Start of Input material

lemma abs_entropic_risk_le:
  fixes \<beta> R :: real and w a :: "'a \<Rightarrow> real"
  assumes "\<beta> > 0" "\<And>s. s \<in> S \<Longrightarrow> w s \<ge> 0" "sum w S = 1" "\<And>s. s \<in> S \<Longrightarrow> \<bar>a s\<bar> \<le> R"
  shows "\<bar>entropic_risk \<beta> S w a\<bar> \<le> R"
proof -
  define E where "E = (\<Sum>s\<in>S. w s * exp (\<beta> * a s))"
  have lower: "exp (- (\<beta> * R)) \<le> E"
    unfolding E_def by (rule exp_neg_le_sum_weighted_exp[OF assms])
  have "E \<le> (\<Sum>s\<in>S. w s * exp (\<beta> * R))"
    unfolding E_def using assms by (intro sum_mono mult_left_mono) (auto simp: abs_le_iff)
  also have "\<dots> = exp (\<beta> * R)"
    using assms(3) by (simp add: sum_distrib_right[symmetric])
  finally have upper: "E \<le> exp (\<beta> * R)" .
  have "0 < E" using lower by (smt (verit) exp_gt_zero)
  with lower upper have "\<bar>ln E\<bar> \<le> \<beta> * R"
    by (smt (verit) ln_exp ln_le_cancel_iff exp_gt_zero)
  then show ?thesis
    using assms(1) by (simp add: entropic_risk_def E_def abs_mult pos_divide_le_eq mult.commute)
qed

lemma abs_exp_diff_le:
  fixes a b K :: real
  assumes "a \<le> K" "b \<le> K"
  shows "\<bar>exp a - exp b\<bar> \<le> exp K * \<bar>a - b\<bar>"
proof -
  have *: "exp u - exp v \<le> exp K * (u - v)" if "v \<le> u" "u \<le> K" for u v :: real
  proof -
    have "exp u - exp v = exp u * (1 - exp (v - u))" by (simp add: exp_diff field_simps)
    also have "\<dots> \<le> exp u * (u - v)"
      using exp_ge_add_one_self[of "v - u"] by (intro mult_left_mono) (auto simp del: exp_ge_add_one_self)
    also have "\<dots> \<le> exp K * (u - v)" using that by (intro mult_right_mono) auto
    finally show ?thesis .
  qed
  show ?thesis
    using *[of b a] *[of a b] assms by (cases "b \<le> a") auto
qed

lemma abs_ln_diff_le:
  fixes u v L :: real
  assumes "L > 0" "u \<ge> L" "v \<ge> L"
  shows "\<bar>ln u - ln v\<bar> \<le> \<bar>u - v\<bar> / L"
proof -
  have *: "ln u - ln v \<le> (u - v) / L" if "v \<le> u" "v \<ge> L" for u v :: real
  proof -
    have "ln u - ln v = ln (u / v)" using that assms(1) by (simp add: ln_div)
    also have "\<dots> \<le> u / v - 1" using that assms(1) by (intro ln_le_minus_one) auto
    also have "\<dots> = (u - v) / v" using that assms(1) by (simp add: field_simps)
    also have "\<dots> \<le> (u - v) / L" using that assms(1) by (intro divide_left_mono) auto
    finally show ?thesis .
  qed
  show ?thesis
    using *[of v u] *[of u v] assms by (cases "v \<le> u") (auto simp: abs_le_iff)
qed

End of Input material

* How to complete this task *
Your job is to restate all of the data word for word.

* Solution below *
lemma abs_entropic_risk_le:
  fixes \<beta> R :: real and w a :: "'a \<Rightarrow> real"
  assumes "\<beta> > 0" "\<And>s. s \<in> S \<Longrightarrow> w s \<ge> 0" "sum w S = 1" "\<And>s. s \<in> S \<Longrightarrow> \<bar>a s\<bar> \<le> R"
  shows "\<bar>entropic_risk \<beta> S w a\<bar> \<le> R"
proof -
  define E where "E = (\<Sum>s\<in>S. w s * exp (\<beta> * a s))"
  have lower: "exp (- (\<beta> * R)) \<le> E"
    unfolding E_def by (rule exp_neg_le_sum_weighted_exp[OF assms])
  have "E \<le> (\<Sum>s\<in>S. w s * exp (\<beta> * R))"
    unfolding E_def using assms by (intro sum_mono mult_left_mono) (auto simp: abs_le_iff)
  also have "\<dots> = exp (\<beta> * R)"
    using assms(3) by (simp add: sum_distrib_right[symmetric])
  finally have upper: "E \<le> exp (\<beta> * R)" .
  have "0 < E" using lower by (smt (verit) exp_gt_zero)
  with lower upper have "\<bar>ln E\<bar> \<le> \<beta> * R"
    by (smt (verit) ln_exp ln_le_cancel_iff exp_gt_zero)
  then show ?thesis
    using assms(1) by (simp add: entropic_risk_def E_def abs_mult pos_divide_le_eq mult.commute)
qed

lemma abs_exp_diff_le:
  fixes a b K :: real
  assumes "a \<le> K" "b \<le> K"
  shows "\<bar>exp a - exp b\<bar> \<le> exp K * \<bar>a - b\<bar>"
proof -
  have *: "exp u - exp v \<le> exp K * (u - v)" if "v \<le> u" "u \<le> K" for u v :: real
  proof -
    have "exp u - exp v = exp u * (1 - exp (v - u))" by (simp add: exp_diff field_simps)
    also have "\<dots> \<le> exp u * (u - v)"
      using exp_ge_add_one_self[of "v - u"] by (intro mult_left_mono) (auto simp del: exp_ge_add_one_self)
    also have "\<dots> \<le> exp K * (u - v)" using that by (intro mult_right_mono) auto
    finally show ?thesis .
  qed
  show ?thesis
    using *[of b a] *[of a b] assms by (cases "b \<le> a") auto
qed

lemma abs_ln_diff_le:
  fixes u v L :: real
  assumes "L > 0" "u \<ge> L" "v \<ge> L"
  shows "\<bar>ln u - ln v\<bar> \<le> \<bar>u - v\<bar> / L"
proof -
  have *: "ln u - ln v \<le> (u - v) / L" if "v \<le> u" "v \<ge> L" for u v :: real
  proof -
    have "ln u - ln v = ln (u / v)" using that assms(1) by (simp add: ln_div)
    also have "\<dots> \<le> u / v - 1" using that assms(1) by (intro ln_le_minus_one) auto
    also have "\<dots> = (u - v) / v" using that assms(1) by (simp add: field_simps)
    also have "\<dots> \<le> (u - v) / L" using that assms(1) by (intro divide_left_mono) auto
    finally show ?thesis .
  qed
  show ?thesis
    using *[of v u] *[of u v] assms by (cases "v \<le> u") (auto simp: abs_le_iff)
qed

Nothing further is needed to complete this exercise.